L'enfant terrible de l'art contemporain est de retour. Le Britannique Damien Hirst est l'hôte de la Fondation Pinault, à Venise, pour une exposition monumentale où il entraîne le spectateur dans une exploration sous-marine, réelle ou imaginaire... A vous de voir ! Visite guidée avec Estelle Martin.
Le secret avait été jalousement gardé sur ce projet ambitieux auquel Damien Hirst, 51 ans, a consacré dix années et qui rassemble jusqu'au 3 décembre - près de 200 oeuvres inédites dans les deux écrins de la Fondation Pinault que sont le Palazzo Grassi et La Punta della Dogana.
Baptisé "Treasures from the Wreck of the Unbelievable" ("Trésors de l'épave de l'Incroyable"), il conte la légende de l'Incroyable, vaisseau qui sombra il y a des siècles au large de côtes d'Afrique, emportant avec lui sa cargaison inestimable.

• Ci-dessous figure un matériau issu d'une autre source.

(* Let $G$ be a graph with $\mathcal{P}(G)=\mathcal{T}(G)$. Then $G$ contains no induced subgraph that is a 2-plex on 4 vertices, and no induced cycle (hole) of length at least 4 whose length is not a multiple of 3.
   Context: All graphs are simple and connected. A 2-plex is a vertex set $K$ such that $G[K]$ has minimum degree at least $|K|-2$. A hole is an induced cycle of length at least 4. A co-2-plex is a vertex set inducing a subgraph of maximum degree at most 1. $\mathcal{P}(G)=\mathrm{conv}\{\chi^S : S\text{ co-2-plex of } G\}$. $\mathcal{T}(G)$ is the polytope of $x\in\mathbb{R}^V$ satisfying $0\le x\le 1$ and $x(W)+(|W|-1)x_w\le|W|$ for all $w\in V$ and $W\subseteq N(w)$, where $x(A)=\sum_{a\in A}x_a$. *)

theory Defs
  imports "HOL-Analysis.Analysis"
begin

definition simple_connected_graph :: "('a::finite \<Rightarrow> 'a \<Rightarrow> bool) \<Rightarrow> bool" where
  "simple_connected_graph E \<longleftrightarrow>
     (\<forall>u v. E u v \<longrightarrow> E v u) \<and> (\<forall>v. \<not> E v v) \<and> (\<forall>u v. E\<^sup>*\<^sup>* u v)"

definition nbhd :: "('a \<Rightarrow> 'a \<Rightarrow> bool) \<Rightarrow> 'a \<Rightarrow> 'a set" where
  "nbhd E w = {u. E w u}"
lemma jordan_chains_bound:
  fixes z :: complex and a :: "'a \<Rightarrow> complex" and mm :: "'a \<Rightarrow> nat"
  assumes "finite J"
    and "\<And>j. j \<in> J \<Longrightarrow> mm j \<ge> 1"
    and "\<And>j. j \<in> J \<Longrightarrow> z \<noteq> a j"
    and "\<And>j. j \<in> J \<Longrightarrow> cmod (a j) + cos (pi / real (mm j + 1)) \<le> \<alpha>"
  defines "T \<equiv> (\<Sum>j\<in>J. \<Sum>k=1..mm j. (cmod (1 / (z - a j) ^ k))\<^sup>2)"
  shows "cmod z * T \<le> \<alpha> * T + sqrt (real (\<Sum>j\<in>J. mm j)) * sqrt T"
proof -
  define T\<^sub>j where "T\<^sub>j j = (\<Sum>k=1..mm j. (cmod (1 / (z - a j) ^ k))\<^sup>2)" for j
  have "cmod z * T = (\<Sum>j\<in>J. cmod z * T\<^sub>j j)"
    by (simp add: T_def T\<^sub>j_def sum_distrib_left)
  also have "\<dots> \<le> (\<Sum>j\<in>J. \<alpha> * T\<^sub>j j + cmod (1 / (z - a j)))"
  proof (rule sum_mono)
    fix j assume "j \<in> J"
    then have "(cmod (a j) + cos (pi / real (mm j + 1))) * T\<^sub>j j \<le> \<alpha> * T\<^sub>j j"
      using assms(4) by (intro mult_right_mono) (auto simp: T\<^sub>j_def sum_nonneg)
    then show "cmod z * T\<^sub>j j \<le> \<alpha> * T\<^sub>j j + cmod (1 / (z - a j))"
      using jordan_chain_bound[OF assms(3)[OF \<open>j \<in> J\<close>], of "mm j"] by (simp add: T\<^sub>j_def)
  qed
  also have "\<dots> = \<alpha> * T + (\<Sum>j\<in>J. \<bar>1\<bar> * \<bar>cmod (1 / (z - a j))\<bar>)"
    by (simp add: sum.distrib T_def T\<^sub>j_def sum_distrib_left)
  also have "(\<Sum>j\<in>J. \<bar>1\<bar> * \<bar>cmod (1 / (z - a j))\<bar>)
      \<le> L2_set (\<lambda>_. 1) J * L2_set (\<lambda>j. cmod (1 / (z - a j))) J"
    by (rule L2_set_mult_ineq)
  also have "\<dots> \<le> sqrt (real (\<Sum>j\<in>J. mm j)) * sqrt T"
  proof (rule mult_mono)
    have "card J \<le> (\<Sum>j\<in>J. mm j)"
      using assms(2) card_eq_sum[of J] sum_mono[of J "\<lambda>_. 1::nat" mm] by simp
    then show "L2_set (\<lambda>_. 1) J \<le> sqrt (real (\<Sum>j\<in>J. mm j))"
      by (simp add: L2_set_def del: of_nat_sum)
    have "(\<Sum>j\<in>J. (cmod (1 / (z - a j)))\<^sup>2) \<le> T"
      unfolding T_def
    proof (rule sum_mono)
      fix j assume "j \<in> J"
      then show "(cmod (1 / (z - a j)))\<^sup>2 \<le> (\<Sum>k=1..mm j. (cmod (1 / (z - a j) ^ k))\<^sup>2)"
        using member_le_sum[of 1 "{1..mm j}" "\<lambda>k. (cmod (1 / (z - a j) ^ k))\<^sup>2"] assms(2) by simp
    qed
    then show "L2_set (\<lambda>j. cmod (1 / (z - a j))) J \<le> sqrt T"
      by (simp add: L2_set_def)
  qed (auto intro: sum_nonneg)
  finally show ?thesis
    by simp
qed
(* Let $\gamma=(\alpha,\beta)\in\mathbb N_0^{2n}$ with $\alpha\ge\beta$, and let $y_\pm^{(\ell)}$ be the Commutator Chain of Type II generated by $g_+^\gamma,g_-^\gamma$. Suppose that at least one of the following holds: (a) there is an index $k$ with $\alpha_k+\beta_k\ge2$ and $\alpha_k\neq\beta_k$; (b) there are two distinct indices $k,k'$ with $\alpha_k+\beta_k=\alpha_{k'}+\beta_{k'}=1$. Then for all $\ell\ge0$ and $\sigma\in\{+,-\}$, $\deg(y_\sigma^{(\ell)})=3^\ell(|\gamma|-2)+2$.
   Context: Fix $n\ge 1$. The Weyl algebra $A_n$ is the unital associative $\mathbb{C}$-algebra generated by $a_1,\dots,a_n,a_1^\dagger,\dots,a_n^\dagger$ subject to $[a_i,a_j^\dagger]=\delta_{ij}$ and $[a_i,a_j]=[a_i^\dagger,a_j^\dagger]=0$. For $\gamma=(\alpha,\beta)\in\mathbb N_0^{2n}$ set $a^{\gamma}=(a_1^\dagger)^{\alpha_1}\cdots(a_n^\dagger)^{\alpha_n}a_1^{\beta_1}\cdots a_n^{\beta_n}$; these form a $\mathbb C$-basis; $|\gamma|=\sum_j\alpha_j+\sum_j\beta_j$. For $0\neq g\in A_n$, $\deg(g)$ is the largest $|\gamma|$ with $a^\gamma$ having nonzero coefficient in $g$; $\deg(0)=-\infty$. $\dagger$ is the conjugate-linear anti-automorphism with $(a_j)^\dagger=a_j^\dagger$, $(a_j^\dagger)^\dagger=a_j$. $g_+^\gamma=i((a^\gamma)^\dagger+a^\gamma)$, $g_-^\gamma=(a^\gamma)^\dagger-a^\gamma$. The order on $\mathbb N_0^n$ is lexicographic. Commutator Chain of Type II generated by $g_+^\gamma,g_-^\gamma$: $y_\sigma^{(0)}=g_\sigma^\gamma$ for $\sigma\in\{+,-\}$, and $y_\sigma^{(\ell+1)}=[y_\sigma^{(\ell)},[y_+^{(\ell)},y_-^{(\ell)}]]$ for $\ell\ge0$. *)

theory Defs
  imports Complex_Main "HOL-Library.Extended_Real"
begin

text \<open>Concrete model of the Weyl algebra via its normal-ordered (PBW) basis.
  A multi-index is a function nat => nat (index j stands for mode j+1);
  a monomial (alpha, beta) stands for the normal-ordered word
  (a_1^dagger)^alpha_1 ... (a_n^dagger)^alpha_n a_1^beta_1 ... a_n^beta_n.
  An element of the algebra is its coefficient function (finite support).\<close>

type_synonym midx = "nat \<Rightarrow> nat"
type_synonym mono = "midx \<times> midx"
type_synonym weyl = "mono \<Rightarrow> complex"

definition wsupp :: "weyl \<Rightarrow> mono set" where
  "wsupp f = {m. f m \<noteq> 0}"

text \<open>Normal ordering constant: a^b (a^dagger)^a' =
  sum_k prod_j k_j! C(b_j,k_j) C(a'_j,k_j) (a^dagger)^(a'-k) a^(b-k).\<close>
definition nc_coeff :: "midx \<Rightarrow> midx \<Rightarrow> midx \<Rightarrow> nat" where
  "nc_coeff b a' k = (\<Prod>j\<in>{j. k j \<noteq> 0}. fact (k j) * (b j choose k j) * (a' j choose k j))"

definition wmult :: "weyl \<Rightarrow> weyl \<Rightarrow> weyl" where
  "wmult f g = (\<lambda>m. \<Sum>m1\<in>wsupp f. \<Sum>m2\<in>wsupp g.
      \<Sum>k\<in>{k. \<forall>j. k j \<le> min (snd m1 j) (fst m2 j)}.
        if m = (\<lambda>j. fst m1 j + fst m2 j - k j, \<lambda>j. snd m1 j + snd m2 j - k j)
        then f m1 * g m2 * of_nat (nc_coeff (snd m1) (fst m2) k) else 0)"

definition wcomm :: "weyl \<Rightarrow> weyl \<Rightarrow> weyl" where
  "wcomm f g = (\<lambda>m. wmult f g m - wmult g f m)"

Dans les cales du navire, des sphynx venus d'Egypte, des statues grecques, des colosses de bronze, de l'or, des bijoux et des armes à profusion.
Ce trésor englouti, Damien Hirst l'a retrouvé au fond de l'océan Indien et il l'a extrait des profondeurs au cours d'une prétendue campagne de fouilles sous-marines dont les vidéos sont projetées au fil de l'exposition.
Pêche miraculeuse
A Venise, le plasticien expose le fruit de cette pêche miraculeuse dont les pièces sont encore recouvertes d'algues durcies, de coraux ou de coquillages, autant d'empreintes que la mer a déposées au fil des siècles.
Mais le visiteur s'interroge... Ce démon de 18 mètres de haut (sans conteste l'oeuvre la plus spectaculaire) qui accueille le visiteur dans l'atrium de Palazzo Grazzi est-il bien en résine peinte, comme l'indique le catalogue ? Et cette collection de bijoux: est-elle vraiment en aluminium thermolaqué et polyester, tout comme ces torses "antiques" ou ce Cerbère ?
On reste perplexe devant cette statue gréco-romaine à tête de mouche inspirée du poème épique d'Ovide, "Les Métamorphoses". De même qu'on est troublé par ces déesses ou monstres marins qui mêlent le style classique à l'esthétique des super-héros ou des mangas. Sans parler des bustes de Michey recouverts de coraux multicolores, qui déconcertent.
Laisser la place au rêve
"Le visiteur ne sait pas si les oeuvres qu'il voit sont restées deux mille ans au fond de l'eau ou si elles sont le résultat du travail de l'artiste. On est dans l'ambiguïté qui laisse la place au rêve", explique à l'AFP Martin Bethenod, directeur des Palazzo Grassi et Punta della Dogana. "Il y a différents niveaux d'interprétation qui se superposent et qui font la richesse et la complexité du projet", relève-t-il.
Artiste de la finitude, Damien Hirst semble opérer avec ce travail un tournant dans sa carrière qui l'avait amené depuis les années 1980 à explorer les rapports entre l'art et la mort. Découvrir son oeuvre signifie entrer dans un monde d'animaux embaumés comme son emblématique requin plongé dans du formol (1991), ou son célèbre "Mother and Child Divided" ("Mère et enfant séparés", 1993): une vache et son veau découpés dans le sens de la longueur et placés dans quatre vitrines.
Des audaces qui lui ont valu d'être autant admiré que décrié mais aussi de devenir un des artistes vivants les plus cotés de la planète.
En 2008, il avait organisé lui-même une vaste vente aux enchères de ses oeuvres chez Sotheby's, court-circuitant le travail de ses propres galeristes. La vente de 223 pièces lui avait rapporté 137 millions d'euros. Quant à sa fortune personnelle, elle avait été estimée en 2012 par le Sunday Times à 433 millions d'euros.
Quatre mois ont été nécessaires pour acheminer jusqu'à la Sérénissime les 200 oeuvres, dont certaines ont été produites en plusieurs exemplaires. Quant à leur valeur marchande, elle reste un mystère même si des informations de presse, citant de potentiels acquéreurs, ont évoqué des prix allant de 500.000 à 5 millions de dollars, selon les pièces.